Thanks to the order from Volkswagen. In 2002, the 100,000 sets of solar charger products produced by Xiaohu Qu brought him a profit of 3 million yuan, thus earning his first pot of gold in life. During this period, Shi Zhengrong founded Wuxi Suntech, and Peng Xiaofeng would establish Jiangxi Seraphim four years later.

Although he has a longer career, compared to the well-known figures in the capital market in recent years, such as Li Zhen Guo of Longi, Li Xian De of Jinko Energy, and Gao Ji Fan of Trina Solar, Xiaohu Qu is relatively low-key.As he said, "Canadian Solar doesn't want to be the boss, it just wants to be the last solar company to die." It is precisely this personality trait that determines Canadian Solar's steady and cautious nature.

However, being steady to a certain extent also reflects "stubbornness".

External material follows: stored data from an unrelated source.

(* We have $$\sum_{k=0}^\infty\frac{(30k-7)(-2)^k}{\binom{4k}{2k}}=-\frac{3\pi+64}{6}.$$ *)

theory Defs
  imports Complex_Main
begin

end

theory Submission
  imports Defs "HOL-Analysis.Analysis" "HOL-Real_Asymp.Real_Asymp"
begin

(* Since 1 / binomial (4k) (2k) = (4k + 1) * int_0^1 (x(1-x))^(2k) dx (a Beta integral) and
   (30k - 7)(4k + 1) = 120k^2 + 2k - 7, the k-th term is the integral over [0,1] of
   (120k^2 + 2k - 7) t^k with t = -2 x^2 (1-x)^2, and t ranges over [-1/8, 0]. There the power
   series of 120k^2 + 2k - 7 converges uniformly to a rational function gf, with tails of order
   n^2 8^-n, so the sum of the series is int_0^1 gf(t(x)) dx. This integral is evaluated with an
   explicit antiderivative, whose arctangent part contributes the multiple of pi. *)

lemma abs_divide_le_of_one_le:
  fixes a d :: "'a::linordered_field"
  assumes "1 \<le> d"
  shows "\<bar>a / d\<bar> \<le> \<bar>a\<bar>"
  using assms by (simp add: abs_div divide_le_eq mult_le_cancel_left1)

lemma has_integral_tendsto_uniform_bound:
  fixes f :: "nat \<Rightarrow> real \<Rightarrow> 'a::real_normed_vector"
  assumes "a \<le> b"
    and f: "\<And>n. (f n has_integral s n) {a..b}" and g: "(g has_integral I) {a..b}"
    and bound: "\<And>n x. x \<in> {a..b} \<Longrightarrow> norm (f n x - g x) \<le> M n" and "M \<longlonglongrightarrow> 0"
  shows "s \<longlonglongrightarrow> I"
proof -
  have "(\<lambda>n. s n - I) \<longlonglongrightarrow> 0"
  proof (rule Lim_null_comparison)
    show "\<forall>\<^sub>F n in sequentially. norm (s n - I) \<le> M n * (b - a)"
    proof (rule always_eventually, rule allI)
      fix n
      have "0 \<le> M n"
        using bound[of a n] \<open>a \<le> b\<close> by (simp add: order_trans[OF norm_ge_zero])
      moreover have "norm (f n x - g x) \<le> M n" if "x \<in> {a..b} - {}" for x
        using bound that by simp
      ultimately show "norm (s n - I) \<le> M n * (b - a)"
        using has_integral_bound_real[OF _ finite.emptyI has_integral_diff[OF f g]] \<open>a \<le> b\<close>
        by simp
    qed
    show "(\<lambda>n. M n * (b - a)) \<longlonglongrightarrow> 0"
      using tendsto_mult_left_zero[OF \<open>M \<longlonglongrightarrow> 0\<close>] .
  qed
  then show ?thesis
    by (simp add: LIM_zero_iff)
qed

lemma has_integral_power_mult_power:
  "((\<lambda>x::real. x ^ m * (1 - x) ^ n) has_integral fact m * fact n / fact (m + n + 1)) {0..1}"
proof -
  have "((\<lambda>x. x powr (real (m + 1) - 1) * (1 - x) powr (real (n + 1) - 1)) has_integral
          Beta (real (m + 1)) (real (n + 1))) {0..1}"
    by (rule has_integral_Beta_real) auto
  also have "Beta (real (m + 1)) (real (n + 1)) = fact m * fact n / fact (m + n + 1)"
    using Gamma_fact[of m, where 'a=real] Gamma_fact[of n, where 'a=real]
      Gamma_fact[of "m + n + 1", where 'a=real]
    by (simp add: Beta_def add_ac)
  finally show ?thesis
    by (rule has_integral_spike_finite[of "{0, 1}", rotated 2]) (auto simp: powr_realpow)
qed

lemma inverse_central_binomial_has_integral:
  "((\<lambda>x::real. (2 * real n + 1) * (x * (1 - x)) ^ n) has_integral 1 / real ((2 * n) choose n))
     {0..1}"
proof -
  have "fact n * fact (2 * n - n) * ((2 * n) choose n) = fact (2 * n)"
    by (rule binomial_fact_lemma) simp
  then have binom: "fact n * fact n * real ((2 * n) choose n) = fact (2 * n)"
    by (metis diff_add_inverse2 mult_2 of_nat_fact of_nat_mult)
  have "fact (n + n + 1) = (2 * real n + 1) * fact (2 * n)"
    unfolding mult_2 Suc_eq_plus1[symmetric] fact_Suc by simp
  also have "\<dots> = (2 * real n + 1) * (fact n * fact n * real ((2 * n) choose n))"
    by (simp only: binom)
  finally have "(2 * real n + 1) * (fact n * fact n / fact (n + n + 1)) = 1 / real ((2 * n) choose n)"
    by (simp del: fact_Suc)
  with has_integral_mult_right[OF has_integral_power_mult_power[of n n], of "2 * real n + 1"]
  show ?thesis
    unfolding power_mult_distrib by simp
qed

lemma summand_has_integral:
  "((\<lambda>x. (120 * real k ^ 2 + 2 * real k - 7) * (-2 * (x * (1 - x)) ^ 2) ^ k) has_integral
     (30 * real k - 7) * (-2) ^ k / real ((4 * k) choose (2 * k))) {0..1}"
proof -
  have integrand: "(30 * real k - 7) * (-2) ^ k * ((2 * real (2 * k) + 1) * u ^ (2 * k))
      = (120 * real k ^ 2 + 2 * real k - 7) * (-2 * u ^ 2) ^ k" for u :: real
  proof -
    have "(-2 * u ^ 2) ^ k = (-2) ^ k * u ^ (2 * k)"
      by (simp only: power_mult power_mult_distrib)
    moreover have "(30 * real k - 7) * (2 * real (2 * k) + 1) = 120 * real k ^ 2 + 2 * real k - 7"
      by (simp add: algebra_simps power2_eq_square)
    ultimately show ?thesis
      by (simp only: mult_ac)
  qed
  have "2 * (2 * k) = 4 * k" by simp
  from has_integral_mult_right[OF inverse_central_binomial_has_integral[of "2 * k"],
      of "(30 * real k - 7) * (-2) ^ k"]
  show ?thesis
    unfolding integrand \<open>2 * (2 * k) = 4 * k\<close> times_divide_eq_right mult_1_right .
qed

(* gf t is the sum of (120k^2 + 2k - 7) t^k for |t| < 1, and gf_tail t n the sum over k >= n. *)
definition gf :: "real \<Rightarrow> real" where
  "gf t = (240 * t^2 + 122 * t * (1 - t) - 7 * (1 - t)^2) / (1 - t)^3"

definition gf_tail :: "real \<Rightarrow> nat \<Rightarrow> real" where
  "gf_tail t n = (120 * real n ^ 2 / (1 - t) + (2 + 238 * t) * real n / (1 - t)^2 + gf t) * t ^ n"

lemma sum_lessThan_eq_gf_minus_gf_tail:
  assumes "t \<noteq> 1"
  shows "(\<Sum>k<n. (120 * real k ^ 2 + 2 * real k - 7) * t ^ k) = gf t - gf_tail t n"
proof (induction n)
  case 0
  then show ?case by (simp add: gf_tail_def)
next
  case (Suc n)
  \<comment> \<open>In terms of s = 1 - t the denominators are plain powers of s, which field_simps can clear.\<close>
  define s where "s = 1 - t"
  have "s \<noteq> 0" "t = 1 - s"
    using assms by (simp_all add: s_def)
  have "gf_tail t n - gf_tail t (Suc n) = (120 * real n ^ 2 + 2 * real n - 7) * t ^ n"
    unfolding gf_tail_def gf_def \<open>t = 1 - s\<close> using \<open>s \<noteq> 0\<close>
    by (simp add: field_simps power2_eq_square power3_eq_cube)
  with Suc show ?case by simp
qed

lemma abs_gf_tail_le:
  assumes "-1/8 \<le> t" "t \<le> 0"
  shows "\<bar>gf_tail t n\<bar> \<le> (120 * real n ^ 2 + 32 * real n + 30) * (1/8) ^ n"
proof -
  have "1 \<le> 1 - t" using assms by simp
  then have "1 \<le> (1 - t)^2" "1 \<le> (1 - t)^3"
    by (simp_all add: one_le_power)
  have quadratic_part: "\<bar>120 * real n ^ 2 / (1 - t)\<bar> \<le> 120 * real n ^ 2"
    using abs_divide_le_of_one_le[OF \<open>1 \<le> 1 - t\<close>, of "120 * real n ^ 2"] by simp
  have linear_part: "\<bar>(2 + 238 * t) * real n / (1 - t)^2\<bar> \<le> 32 * real n"
  proof -
    have "\<bar>2 + 238 * t\<bar> \<le> 32" using assms by simp
    then have "\<bar>(2 + 238 * t) * real n\<bar> \<le> 32 * real n"
      unfolding abs_mult by (simp add: mult_right_mono)
    then show ?thesis
      using abs_divide_le_of_one_le[OF \<open>1 \<le> (1 - t)^2\<close>] order_trans by blast
  qed
  have constant_part: "\<bar>gf t\<bar> \<le> 30"
  proof -
    have "t^2 \<le> 1/64" "0 \<le> t^2"
      using power_mono[of "-t" "1/8" 2] assms by (simp_all add: power_divide)
    then have "\<bar>111 * t^2 + 136 * t - 7\<bar> \<le> 30"
      using assms unfolding abs_le_iff by linarith
    moreover have "240 * t^2 + 122 * t * (1 - t) - 7 * (1 - t)^2 = 111 * t^2 + 136 * t - 7"
      by (simp add: algebra_simps power2_eq_square)
    ultimately show ?thesis
      unfolding gf_def using abs_divide_le_of_one_le[OF \<open>1 \<le> (1 - t)^3\<close>] order_trans by metis
  qed
  have "\<bar>120 * real n ^ 2 / (1 - t) + (2 + 238 * t) * real n / (1 - t)^2 + gf t\<bar>
      \<le> 120 * real n ^ 2 + 32 * real n + 30"
    using quadratic_part linear_part constant_part
    by (intro order_trans[OF abs_triangle_ineq] order_trans[OF add_right_mono[OF abs_triangle_ineq]] add_mono)
  moreover have "\<bar>t ^ n\<bar> \<le> (1/8) ^ n"
    unfolding power_abs using assms by (intro power_mono) auto
  ultimately show ?thesis
    unfolding gf_tail_def abs_mult by (rule mult_mono) auto
qed

lemma abs_partial_sum_minus_gf_le:
  assumes "-1/8 \<le> t" "t \<le> 0"
  shows "\<bar>(\<Sum>k<n. (120 * real k ^ 2 + 2 * real k - 7) * t ^ k) - gf t\<bar>
           \<le> (120 * real n ^ 2 + 32 * real n + 30) * (1/8) ^ n"
proof -
  have "t \<noteq> 1" using assms by linarith
  then show ?thesis
    using abs_gf_tail_le[OF assms, of n] by (simp add: sum_lessThan_eq_gf_minus_gf_tail)
qed

lemma square_x_one_minus_x_le:
  fixes x :: real
  assumes "0 \<le> x" "x \<le> 1"
  shows "(x * (1 - x))^2 \<le> 1/16"
proof -
  have "x * (1 - x) \<le> 1/4"
    using zero_le_power2[of "x - 1/2"] by (simp add: algebra_simps power2_eq_square)
  moreover have "0 \<le> x * (1 - x)"
    using assms by simp
  ultimately show ?thesis
    using power_mono[of "x * (1 - x)" "1/4" 2] by (simp add: power_divide)
qed

definition antideriv :: "real \<Rightarrow> real" where
  "antideriv x =
     (16/3 - 5*x + 61/3*x^2 - 140*x^3 + 590/3*x^4 - 278/3*x^5 + 14*x^6 - 4*x^7)
       / (1 + 2 * (x * (1 - x))^2)^2
     - arctan ((2*x - 1) / (1 + 2 * x * (1 - x)))"

lemma gf_neg_double_square:
  "gf (-2 * u^2) = (444 * u^4 - 272 * u^2 - 7) / (1 + 2 * u^2)^3"
  unfolding gf_def by (simp add: algebra_simps power2_eq_square power3_eq_cube power4_eq_xxxx)

lemma arctan_quotient_has_derivative:
  assumes "1 + 2 * x * (1 - x) \<noteq> 0"
  shows "((\<lambda>x. arctan ((2*x - 1) / (1 + 2 * x * (1 - x)))) has_real_derivative
           2 * (1 - x * (1 - x)) / (1 + 2 * (x * (1 - x))^2)) (at x)"
proof -
  define d where "d = 1 + 2 * x * (1 - x)"
  define q where "q = 1 + 2 * (x * (1 - x))^2"
  have "d \<noteq> 0" "q > 0"
    using assms by (auto simp: d_def q_def add_pos_nonneg)
  have "((\<lambda>x. (2*x - 1) / (1 + 2 * x * (1 - x))) has_real_derivative 4 * (1 - x * (1 - x)) / d^2) (at x)"
    using \<open>d \<noteq> 0\<close> unfolding d_def
    by (auto intro!: derivative_eq_intros simp: power2_eq_square algebra_simps)
  from DERIV_chain2[OF DERIV_arctan this]
  have "((\<lambda>x. arctan ((2*x - 1) / (1 + 2 * x * (1 - x)))) has_real_derivative
           inverse (1 + ((2*x - 1) / d)^2) * (4 * (1 - x * (1 - x)) / d^2)) (at x)"
    unfolding d_def .
  also have "1 + ((2*x - 1) / d)^2 = 2 * q / d^2"
    using \<open>d \<noteq> 0\<close> unfolding q_def d_def by (simp add: field_simps) algebra
  also have "inverse (2 * q / d^2) * (4 * (1 - x * (1 - x)) / d^2) = 2 * (1 - x * (1 - x)) / q"
    using \<open>d \<noteq> 0\<close> \<open>q > 0\<close> by (simp add: field_simps)
  finally show ?thesis unfolding q_def .
qed

lemma antideriv_has_derivative:
  assumes "x \<in> {0..1}"
  shows "(antideriv has_real_derivative gf (-2 * (x * (1 - x))^2)) (at x)"
proof -
  define u where "u = x * (1 - x)"
  define q where "q = 1 + 2 * u^2"
  define p where "p = 16/3 - 5*x + 61/3*x^2 - 140*x^3 + 590/3*x^4 - 278/3*x^5 + 14*x^6 - 4*x^7"
  define p' where "p' = - 5 + 122/3*x - 420*x^2 + 2360/3*x^3 - 1390/3*x^4 + 84*x^5 - 28*x^6"
  have "q > 0"
    by (simp add: q_def add_pos_nonneg)
  have "0 \<le> u"
    using assms by (simp add: u_def)
  then have "1 + 2 * x * (1 - x) \<noteq> 0"
    unfolding u_def by (simp add: mult.assoc add_pos_nonneg)
  have numerator: "((\<lambda>x. 16/3 - 5*x + 61/3*x^2 - 140*x^3 + 590/3*x^4 - 278/3*x^5 + 14*x^6 - 4*x^7)
      has_real_derivative p') (at x)"
    unfolding p'_def by (auto intro!: derivative_eq_intros)
  have denominator: "((\<lambda>x. (1 + 2 * (x * (1 - x))^2)^2) has_real_derivative 8 * q * u * (1 - 2*x)) (at x)"
    by (auto intro!: derivative_eq_intros simp: q_def u_def)
  have "(1 + 2 * (x * (1 - x))^2)^2 \<noteq> 0"
    using \<open>q > 0\<close> by (simp add: q_def u_def)
  from DERIV_diff[OF DERIV_divide[OF numerator denominator this]
      arctan_quotient_has_derivative[OF \<open>1 + 2 * x * (1 - x) \<noteq> 0\<close>]]
  have "(antideriv has_real_derivative
      (p' * q^2 - p * (8 * q * u * (1 - 2*x))) / (q^2 * q^2) - 2 * (1 - u) / q) (at x)"
    unfolding antideriv_def p_def q_def u_def .
  also have "(p' * q^2 - p * (8 * q * u * (1 - 2*x))) / (q^2 * q^2) - 2 * (1 - u) / q
      = (p' * q - 8 * u * (1 - 2*x) * p - 2 * (1 - u) * q^2) / q^3"
    using \<open>q > 0\<close> by (simp add: field_simps power2_eq_square power3_eq_cube)
  also have "p' * q - 8 * u * (1 - 2*x) * p - 2 * (1 - u) * q^2 = 444 * u^4 - 272 * u^2 - 7"
    unfolding p_def p'_def q_def u_def by algebra
  finally show ?thesis
    unfolding gf_neg_double_square q_def u_def .
qed

lemma gf_has_integral:
  "((\<lambda>x. gf (-2 * (x * (1 - x))^2)) has_integral - (3 * pi + 64) / 6) {0..1}"
proof -
  have "(antideriv has_vector_derivative gf (-2 * (x * (1 - x))^2)) (at x within {0..1})"
    if "x \<in> {0..1}" for x
    unfolding has_real_derivative_iff_has_vector_derivative[symmetric]
    by (rule has_field_derivative_at_within[OF antideriv_has_derivative[OF that]])
  from fundamental_theorem_of_calculus[OF zero_le_one this]
  have "((\<lambda>x. gf (-2 * (x * (1 - x))^2)) has_integral antideriv 1 - antideriv 0) {0..1}" .
  moreover have "antideriv 1 - antideriv 0 = - (3 * pi + 64) / 6"
    by (simp add: antideriv_def arctan_one arctan_minus)
  ultimately show ?thesis by simp
qed

theorem corollary1p2:
  shows "(\<lambda>k::nat. (30 * real k - 7) * (-2) ^ k / real ((4 * k) choose (2 * k)))
           sums (- (3 * pi + 64) / 6)"
  unfolding sums_def
proof (rule has_integral_tendsto_uniform_bound)
  let ?t = "\<lambda>x::real. -2 * (x * (1 - x))^2"
  show "((\<lambda>x. \<Sum>k<n. (120 * real k ^ 2 + 2 * real k - 7) * ?t x ^ k) has_integral
      (\<Sum>k<n. (30 * real k - 7) * (-2) ^ k / real ((4 * k) choose (2 * k)))) {0..1}" for n
    by (intro has_integral_sum summand_has_integral) auto
  show "((\<lambda>x. gf (?t x)) has_integral - (3 * pi + 64) / 6) {0..1}"
    by (rule gf_has_integral)
  show "norm ((\<Sum>k<n. (120 * real k ^ 2 + 2 * real k - 7) * ?t x ^ k) - gf (?t x))
      \<le> (120 * real n ^ 2 + 32 * real n + 30) * (1/8) ^ n" if "x \<in> {0..1}" for n x
    unfolding real_norm_def
    by (rule abs_partial_sum_minus_gf_le) (use square_x_one_minus_x_le[of x] that in auto)
  show "(\<lambda>n. (120 * real n ^ 2 + 32 * real n + 30) * (1/8::real) ^ n) \<longlonglongrightarrow> 0"
    by real_asymp
qed simp

end
lemma (in group) unique_factorization_if_unique_coset_rep:
  assumes H: "subgroup H G" and M: "M \<subseteq> carrier G"
    and rep: "\<forall>w \<in> carrier G. \<exists>!a. a \<in> (w <# H) \<inter> M"
    and a: "a \<in> M" "a' \<in> M" and b: "b \<in> H" "b' \<in> H"
    and eq: "a \<otimes> b = a' \<otimes> b'"
  shows "a = a' \<and> b = b'"
proof -
  have carr: "a \<in> carrier G" "a' \<in> carrier G" "b \<in> carrier G" "b' \<in> carrier G"
    using a b M subgroup.subset[OF H] by auto
  have "a' = a \<otimes> b \<otimes> inv b'"
    using eq carr by (simp add: inv_solve_right)
  also have "\<dots> = a \<otimes> (b \<otimes> inv b')"
    using carr by (simp add: m_assoc)
  finally have "a' \<in> a <# H"
    using b H unfolding l_coset_def by (blast intro: subgroup.m_closed subgroup.m_inv_closed)
  moreover have "a \<in> a <# H"
    using carr H unfolding l_coset_def by (metis UN_iff r_one singletonI subgroup.one_closed)
  ultimately have "a = a'"
    using rep carr a by blast
  with eq carr show ?thesis
    by simp
qed

locale involutive_even_presentation = group G for G (structure) +
  fixes S :: "'x set" and R :: "('x word \<times> 'x word) set" and gen :: "'x \<Rightarrow> 'a"
  assumes presents: "presents G S R gen"
    and gen_involution: "\<forall>x \<in> S. gen x \<otimes> gen x = \<one>"
    and even_rel: "\<forall>r \<in> R. even (rel_length r)"
begin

It is well known that the photovoltaic industry has always had disputes over technological routes. Whether it was the previous dispute between thin film and crystalline silicon, or the current dispute between polycrystalline and monocrystalline, almost every technological route dispute ends with changes in corporate economic benefits. Therefore, photovoltaic companies need to continuously invest to maintain competitiveness.

It is understood that in 2017, with Longi's full-scale implementation of diamond wire cutting technology and the expansion of monocrystalline scale, including policy inclinations, most companies in the photovoltaic industry also turned to the monocrystalline route starting from 2017.

However, as one of the "Five Swordsmen of Photovoltaics," Canadian Solar still insists on improving the conversion efficiency of polycrystalline silicon solar cells instead of turning to the monocrystalline route.

In 2018, when the market collectively "looked down" on polycrystalline silicon cells, Dr. Shawn Qu responded, "Wait for our polycrystalline to fake a corpse and scare you."

Affected by this, Canadian Solar's shipments grew slightly slower than the industry. According to data from Infolink, in 2011, when Canadian Solar entered the top five global photovoltaic module manufacturers, Jinko Energy and Longi were still "little brothers."

However, by 2022, the top five global photovoltaic module shipment manufacturers were Longi Green Energy, Jinko Energy, Trina Solar, JA Solar, and Canadian Solar. Among them, the annual shipments of the top four manufacturers have reached the level of 40GW, while Canadian Solar's annual module shipment is 21.1GW, and a clear gap has been created.

Overall, Dr. Shawn Qu's low-key and steady approach has injected a corporate spirit into Canadian Solar that does not follow the trend and does not blindly expand. However, in the context of fierce competition among photovoltaic companies, this spirit is both an advantage for Canadian Solar's steady development and a challenge it may face in the intense market competition.